(* Let $0<\alpha<\pi/4$ and $0<\beta\le\pi/4$, and consider the system on $S^2$ described in the context. There is no normal extremal pair $(x,\lambda)$ with $x(0)=N=(0,0,1)$ and a time $t_c>0$ such that the extremal is bang-bang on $[0,t_c]$ and totally singular on an interval $[t_c,t_c+\varepsilon]$, $\varepsilon>0$.
   Context: The system is $\dot x=Fx+u_1G_1x+u_2G_2x$ on the unit sphere $S^2\subset\mathbb R^3$, measurable controls $|u_i|\le1$, with $F=\cos\alpha\begin{pmatrix}0&-1&0\\1&0&0\\0&0&0\end{pmatrix}$, $G_1=\sin\alpha\sin\beta\begin{pmatrix}0&0&0\\0&0&-1\\0&1&0\end{pmatrix}$, $G_2=\sin\alpha\cos\beta\begin{pmatrix}0&0&-1\\0&0&0\\1&0&0\end{pmatrix}$. An extremal pair: trajectory $x$ with control $u$, Lipschitz row vector $\lambda(t)\in\mathbb R^3$ with $\lambda(t)\cdot x(t)=0$, $\lambda(t)\ne0$, and constant $\lambda_0\le0$, such that a.e. $\dot\lambda=-\lambda(F+u_1G_1+u_2G_2)$, $u(t)$ maximizes $\lambda Fx+u_1\lambda G_1x+u_2\lambda G_2x+\lambda_0$ over $[-1,1]^2$, and the maximum is $0$; normal if $\lambda_0<0$. Switching functions $\phi_i=\lambda G_ix$; totally singular on an interval means $\phi_1\equiv\phi_2\equiv0$ there. Bang-bang on an interval: finitely many arcs on which $u$ is a.e. constant in $\{-1,1\}^2$. *)

theory Defs
  imports "HOL-Analysis.Analysis"
begin

definition Fm :: "real \<Rightarrow> real^3^3" where
  "Fm \<alpha> = cos \<alpha> *\<^sub>R vector [vector [0,-1,0], vector [1,0,0], vector [0,0,0]]"

definition G1m :: "real \<Rightarrow> real \<Rightarrow> real^3^3" where
  "G1m \<alpha> \<beta> = (sin \<alpha> * sin \<beta>) *\<^sub>R vector [vector [0,0,0], vector [0,0,-1], vector [0,1,0]]"

definition G2m :: "real \<Rightarrow> real \<Rightarrow> real^3^3" where
  "G2m \<alpha> \<beta> = (sin \<alpha> * cos \<beta>) *\<^sub>R vector [vector [0,0,-1], vector [0,0,0], vector [1,0,0]]"

definition Am :: "real \<Rightarrow> real \<Rightarrow> real \<Rightarrow> real \<Rightarrow> real^3^3" where
  "Am \<alpha> \<beta> v1 v2 = Fm \<alpha> + v1 *\<^sub>R G1m \<alpha> \<beta> + v2 *\<^sub>R G2m \<alpha> \<beta>"

definition Ham :: "real \<Rightarrow> real \<Rightarrow> real^3 \<Rightarrow> real^3 \<Rightarrow> real \<Rightarrow> real \<Rightarrow> real \<Rightarrow> real" where
  "Ham \<alpha> \<beta> l y l0 v1 v2 = l \<bullet> (Fm \<alpha> *v y) + v1 * (l \<bullet> (G1m \<alpha> \<beta> *v y))
      + v2 * (l \<bullet> (G2m \<alpha> \<beta> *v y)) + l0"

definition north :: "real^3" where
  "north = vector [0,0,1]"

text \<open>Extremal pair on the time interval [0,T]: admissible measurable control with |u_i| \<le> 1,
  trajectory on the unit sphere that is a Caratheodory solution of the system (absolutely continuous,
  given in integral form), Lipschitz adjoint lambda with lambda x = 0, lambda nonzero, adjoint equation a.e.,
  maximum condition a.e. with maximum value 0, and constant lambda0 \<le> 0.\<close>
definition extremal ::
  "real \<Rightarrow> real \<Rightarrow> real \<Rightarrow> (real \<Rightarrow> real) \<Rightarrow> (real \<Rightarrow> real) \<Rightarrow> (real \<Rightarrow> real^3)
     \<Rightarrow> (real \<Rightarrow> real^3) \<Rightarrow> real \<Rightarrow> bool" where
  "extremal \<alpha> \<beta> T u1 u2 x l l0 \<longleftrightarrow>
     0 < T \<and>
     set_borel_measurable lborel {0..T} u1 \<and> set_borel_measurable lborel {0..T} u2 \<and>
     (\<forall>t\<in>{0..T}. \<bar>u1 t\<bar> \<le> 1 \<and> \<bar>u2 t\<bar> \<le> 1) \<and>
     (\<forall>t\<in>{0..T}. norm (x t) = 1) \<and>
     (\<forall>t\<in>{0..T}. ((\<lambda>s. Am \<alpha> \<beta> (u1 s) (u2 s) *v x s) has_integral (x t - x 0)) {0..t}) \<and>
     (\<exists>C. C-lipschitz_on {0..T} l) \<and>
     (\<forall>t\<in>{0..T}. l t \<bullet> x t = 0 \<and> l t \<noteq> 0) \<and>
     l0 \<le> 0 \<and>
     (AE t in lborel. t \<in> {0..T} \<longrightarrow>
        (l has_vector_derivative (- (l t v* Am \<alpha> \<beta> (u1 t) (u2 t)))) (at t)) \<and>
     (AE t in lborel. t \<in> {0..T} \<longrightarrow>
        (\<forall>v1\<in>{-1..1}. \<forall>v2\<in>{-1..1}.
           Ham \<alpha> \<beta> (l t) (x t) l0 v1 v2 \<le> Ham \<alpha> \<beta> (l t) (x t) l0 (u1 t) (u2 t)) \<and>
        Ham \<alpha> \<beta> (l t) (x t) l0 (u1 t) (u2 t) = 0)"

definition switching1 :: "real \<Rightarrow> real \<Rightarrow> real^3 \<Rightarrow> real^3 \<Rightarrow> real" where
  "switching1 \<alpha> \<beta> l y = l \<bullet> (G1m \<alpha> \<beta> *v y)"

definition switching2 :: "real \<Rightarrow> real \<Rightarrow> real^3 \<Rightarrow> real^3 \<Rightarrow> real" where
  "switching2 \<alpha> \<beta> l y = l \<bullet> (G2m \<alpha> \<beta> *v y)"

definition bang_bang_on :: "(real \<Rightarrow> real) \<Rightarrow> (real \<Rightarrow> real) \<Rightarrow> real \<Rightarrow> real \<Rightarrow> bool" where
  "bang_bang_on u1 u2 a b \<longleftrightarrow>
     (\<exists>(ts::nat \<Rightarrow> real) k. 0 < k \<and> ts 0 = a \<and> ts k = b \<and> (\<forall>i<k. ts i < ts (Suc i)) \<and>
        (\<forall>i<k. \<exists>c1\<in>{-1,1}. \<exists>c2\<in>{-1,1}.
            AE t in lborel. t \<in> {ts i<..<ts (Suc i)} \<longrightarrow> u1 t = c1 \<and> u2 t = c2))"

definition totally_singular_on ::
  "real \<Rightarrow> real \<Rightarrow> (real \<Rightarrow> real^3) \<Rightarrow> (real \<Rightarrow> real^3) \<Rightarrow> real \<Rightarrow> real \<Rightarrow> bool" where
  "totally_singular_on \<alpha> \<beta> x l a b \<longleftrightarrow>
     (\<forall>t\<in>{a..b}. switching1 \<alpha> \<beta> (l t) (x t) = 0 \<and> switching2 \<alpha> \<beta> (l t) (x t) = 0)"

end

(*
  Along an extremal the maximised Hamiltonian  \<lambda>Fx + |\<phi>1| + |\<phi>2| + \<lambda>0  is continuous and
  vanishes almost everywhere, hence everywhere; and |\<lambda>| is constant because F, G1, G2 are
  skew-symmetric.  At the north pole \<lambda> is horizontal, so \<lambda>Fx = 0 and Cauchy-Schwarz gives
  -\<lambda>0 = |\<phi>1| + |\<phi>2| \<le> sin \<alpha> |\<lambda>|.  On the totally singular arc \<phi>1 = \<phi>2 = 0, which together
  with \<lambda> \<bottom> x and |x| = 1 forces -\<lambda>0 = |\<lambda>Fx| = cos \<alpha> |\<lambda>|.  Hence cos \<alpha> \<le> sin \<alpha>, contradicting
  \<alpha> < \<pi>/4.
*)

theory Submission
  imports Defs
begin

unbundle cross3_syntax

lemma AE_lborel_imp_ex_in_Ioo:
  assumes "AE t in lborel. P t" and "a < (b::real)"
  shows "\<exists>t\<in>{a<..<b}. P t"
proof (rule ccontr)
  assume none: "\<not> ?thesis"
  from assms(1) obtain N where N: "N \<in> null_sets lborel" "\<And>t. t \<notin> N \<Longrightarrow> P t"
    by (auto elim: AE_E3)
  have "{a<..<b} \<subseteq> N" using none N(2) by auto
  then have "{a<..<b} \<in> null_sets lborel"
    using N(1) by (auto intro: null_sets_subset)
  with assms(2) show False by (simp add: null_sets_def)
qed

lemma continuous_on_AE_zero_imp_zero:
  fixes f :: "real \<Rightarrow> 'a::real_normed_vector"
  assumes cont: "continuous_on {a..b} f" and "a < b"
    and ae: "AE t in lborel. t \<in> {a..b} \<longrightarrow> f t = 0"
    and t: "t \<in> {a..b}"
  shows "f t = 0"
proof (rule ccontr)
  assume "f t \<noteq> 0"
  with cont t obtain d where "d > 0"
    and d: "\<And>s. s \<in> {a..b} \<Longrightarrow> dist s t < d \<Longrightarrow> dist (f s) (f t) < norm (f t)"
    unfolding continuous_on_iff by (metis zero_less_norm_iff)
  have "max a (t - d) < min b (t + d)" using \<open>a < b\<close> \<open>d > 0\<close> t by auto
  then obtain s where s: "s \<in> {max a (t - d)<..<min b (t + d)}" "s \<in> {a..b} \<longrightarrow> f s = 0"
    using AE_lborel_imp_ex_in_Ioo[OF ae] by blast
  then have "s \<in> {a..b}" "dist s t < d" "f s = 0" by (auto simp: dist_real_def)
  with d[of s] show False by (simp add: dist_norm)
qed

lemma negligible_image_zero_derivative:
  fixes g :: "real \<Rightarrow> real"
  assumes "\<And>t. t \<in> S \<Longrightarrow> (g has_real_derivative 0) (at t)"
  shows "negligible (g ` S)"
proof -
  define h :: "real^1 \<Rightarrow> real^1" where "h y = g (y$1) *\<^sub>R 1" for y
  have "negligible (h ` (vec ` S))"
  proof (rule baby_Sard[where f' = "\<lambda>_ _. 0"])
    show "rank (matrix ((\<lambda>_. 0) :: real^1 \<Rightarrow> real^1)) < CARD(1)"
      by (simp add: matrix_def zero_vec_def[symmetric])
  next
    fix y :: "real^1" assume "y \<in> vec ` S"
    then obtain t where t: "t \<in> S" and y: "y = vec t" by auto
    have "(g has_derivative (*) 0) (at (y$1))"
      using assms[OF t] unfolding y vec_component has_field_derivative_def .
    with bounded_linear_imp_has_derivative[OF bounded_linear_vec_nth]
    have "((\<lambda>z. g (z$1)) has_derivative (\<lambda>z. 0 * z$1)) (at y)"
      by (rule has_derivative_compose)
    then have "(h has_derivative (\<lambda>z. (0 * z$1) *\<^sub>R 1)) (at y)"
      unfolding h_def by (rule has_derivative_scaleR_left)
    then show "(h has_derivative (\<lambda>_. 0)) (at y within vec ` S)"
      by (auto intro: has_derivative_at_withinI)
  qed simp
  then have "negligible ((\<lambda>z. z$1) ` h ` vec ` S)"
    using bounded_linear_imp_differentiable_on[OF bounded_linear_vec_nth]
    by (rule negligible_differentiable_image_negligible[rotated]) simp
  moreover have "(\<lambda>z. z$1) ` h ` vec ` S = g ` S"
    by (simp add: h_def image_image)
  ultimately show ?thesis by simp
qed

lemma lipschitz_on_AE_zero_derivative_constant:
  fixes g :: "real \<Rightarrow> real"
  assumes lip: "C-lipschitz_on {a..b} g" and "a \<le> b"
    and ae: "AE t in lborel. t \<in> {a..b} \<longrightarrow> (g has_real_derivative 0) (at t)"
  shows "g b = g a"
proof -
  define S where "S = {t \<in> {a..b}. (g has_real_derivative 0) (at t)}"
  obtain N0 where N0: "N0 \<in> null_sets lborel"
      "\<And>t. t \<notin> N0 \<Longrightarrow> t \<in> {a..b} \<Longrightarrow> (g has_real_derivative 0) (at t)"
    using ae by (auto elim: AE_E3)
  have "{a..b} - S \<subseteq> N0" using N0(2) by (auto simp: S_def)
  then have "negligible ({a..b} - S)"
    using N0(1) negligible_iff_null_sets null_sets_completionI negligible_subset by metis
  \<comment> \<open>Lipschitz maps send null sets to null sets, zero derivatives crush the rest (Sard).\<close>
  then have "negligible (g ` ({a..b} - S))"
    using lipschitz_onD[OF lip]
    by (intro negligible_locally_Lipschitz_image) (auto simp: dist_norm intro!: exI[of _ UNIV] exI[of _ C])
  moreover have "negligible (g ` S)"
    by (rule negligible_image_zero_derivative) (auto simp: S_def)
  moreover have "g ` {a..b} = g ` S \<union> g ` ({a..b} - S)"
    by (auto simp: S_def)
  ultimately have "negligible (g ` {a..b})"
    by (simp add: negligible_Un)
  have conn: "connected (g ` {a..b})"
    using lipschitz_on_continuous_on[OF lip] by (intro connected_continuous_image) auto
  show ?thesis
  proof (rule ccontr)
    assume "g b \<noteq> g a"
    then obtain p q where "p < q" and pq: "p \<in> g ` {a..b}" "q \<in> g ` {a..b}"
      using \<open>a \<le> b\<close> by (metis atLeastAtMost_iff imageI linorder_neqE_linordered_idom order_refl)
    then have "negligible {p..q}"
      using connected_contains_Icc[OF conn pq] \<open>negligible (g ` {a..b})\<close> negligible_subset by blast
    moreover have "box p q \<noteq> {}"
      using \<open>p < q\<close> by (simp only: box_real(1) greaterThanLessThan_empty_iff not_le)
    ultimately show False
      using negligible_interval(1)[of p q] by (simp add: cbox_interval)
  qed
qed

lemma lipschitz_on_inner_self:
  assumes lip: "C-lipschitz_on S f" and "0 \<le> K" and bound: "\<And>t. t \<in> S \<Longrightarrow> norm (f t) \<le> K"
  shows "(2 * K * C)-lipschitz_on S (\<lambda>t. f t \<bullet> f t)"
proof (rule lipschitz_onI)
  show "0 \<le> 2 * K * C" using lipschitz_on_nonneg[OF lip] \<open>0 \<le> K\<close> by simp
next
  fix s t assume st: "s \<in> S" "t \<in> S"
  have "\<bar>f s \<bullet> f s - f t \<bullet> f t\<bar> = \<bar>(f s - f t) \<bullet> (f s + f t)\<bar>"
    by (simp add: algebra_simps inner_commute)
  also have "\<dots> \<le> norm (f s - f t) * norm (f s + f t)"
    by (rule Cauchy_Schwarz_ineq2)
  also have "\<dots> \<le> (C * dist s t) * (2 * K)"
  proof (rule mult_mono)
    show "norm (f s - f t) \<le> C * dist s t"
      using lipschitz_onD[OF lip st] by (simp add: dist_norm)
    show "norm (f s + f t) \<le> 2 * K"
      using bound[OF st(1)] bound[OF st(2)] norm_triangle_ineq[of "f s" "f t"] by linarith
  qed (use lipschitz_on_nonneg[OF lip] in auto)
  finally show "dist (f s \<bullet> f s) (f t \<bullet> f t) \<le> 2 * K * C * dist s t"
    by (simp add: dist_real_def mult_ac)
qed

lemma lipschitz_on_AE_orthogonal_derivative_norm_constant:
  fixes f :: "real \<Rightarrow> 'a::real_inner"
  assumes lip: "C-lipschitz_on {a..b} f"
    and ae: "AE t in lborel. t \<in> {a..b} \<longrightarrow>
               (f has_vector_derivative f' t) (at t) \<and> f t \<bullet> f' t = 0"
    and t: "t \<in> {a..b}"
  shows "norm (f t) = norm (f a)"
proof -
  have "bounded (f ` {a..b})"
    by (intro compact_imp_bounded compact_continuous_image lipschitz_on_continuous_on[OF lip])
      simp
  then obtain K where "0 < K" and K: "\<And>s. s \<in> {a..b} \<Longrightarrow> norm (f s) \<le> K"
    by (auto simp: bounded_pos)
  have "(2 * K * C)-lipschitz_on {a..t} (\<lambda>s. f s \<bullet> f s)"
    using t K \<open>0 < K\<close> by (intro lipschitz_on_inner_self lipschitz_on_subset[OF lip]) auto
  moreover have "AE s in lborel. s \<in> {a..t} \<longrightarrow> ((\<lambda>s. f s \<bullet> f s) has_real_derivative 0) (at s)"
    using ae
  proof eventually_elim
    case (elim s)
    show ?case
    proof
      assume "s \<in> {a..t}"
      with t elim have der: "(f has_derivative (\<lambda>h. h *\<^sub>R f' s)) (at s)"
        and orth: "f s \<bullet> f' s = 0"
        by (auto simp: has_vector_derivative_def)
      have "((\<lambda>s. f s \<bullet> f s) has_derivative (\<lambda>h. f s \<bullet> (h *\<^sub>R f' s) + (h *\<^sub>R f' s) \<bullet> f s)) (at s)"
        by (rule has_derivative_inner[OF der der])
      moreover have "(\<lambda>h. f s \<bullet> (h *\<^sub>R f' s) + (h *\<^sub>R f' s) \<bullet> f s) = (*) 0"
        using orth by (simp add: fun_eq_iff inner_commute)
      ultimately show "((\<lambda>s. f s \<bullet> f s) has_real_derivative 0) (at s)"
        by (simp only: has_field_derivative_def)
    qed
  qed
  ultimately have "f t \<bullet> f t = f a \<bullet> f a"
    using t by (intro lipschitz_on_AE_zero_derivative_constant) auto
  then show ?thesis by (simp add: norm_eq_sqrt_inner)
qed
※
* EXERCISE REQUIREMENTS:
An exact copy of the lines above, from the one containing "l a b \<longleftrightarrow>" through the one containing "-\<lambda>0 = |\<phi>1|", is the whole of the answer.

* EXERCISE SOLUTION:
  "totally_singular_on \<alpha> \<beta> x l a b \<longleftrightarrow>
     (\<forall>t\<in>{a..b}. switching1 \<alpha> \<beta> (l t) (x t) = 0 \<and> switching2 \<alpha> \<beta> (l t) (x t) = 0)"

end

(*
  Along an extremal the maximised Hamiltonian  \<lambda>Fx + |\<phi>1| + |\<phi>2| + \<lambda>0  is continuous and
  vanishes almost everywhere, hence everywhere; and |\<lambda>| is constant because F, G1, G2 are
  skew-symmetric.  At the north pole \<lambda> is horizontal, so \<lambda>Fx = 0 and Cauchy-Schwarz gives
  -\<lambda>0 = |\<phi>1| + |\<phi>2| \<le> sin \<alpha> |\<lambda>|.  On the totally singular arc \<phi>1 = \<phi>2 = 0, which together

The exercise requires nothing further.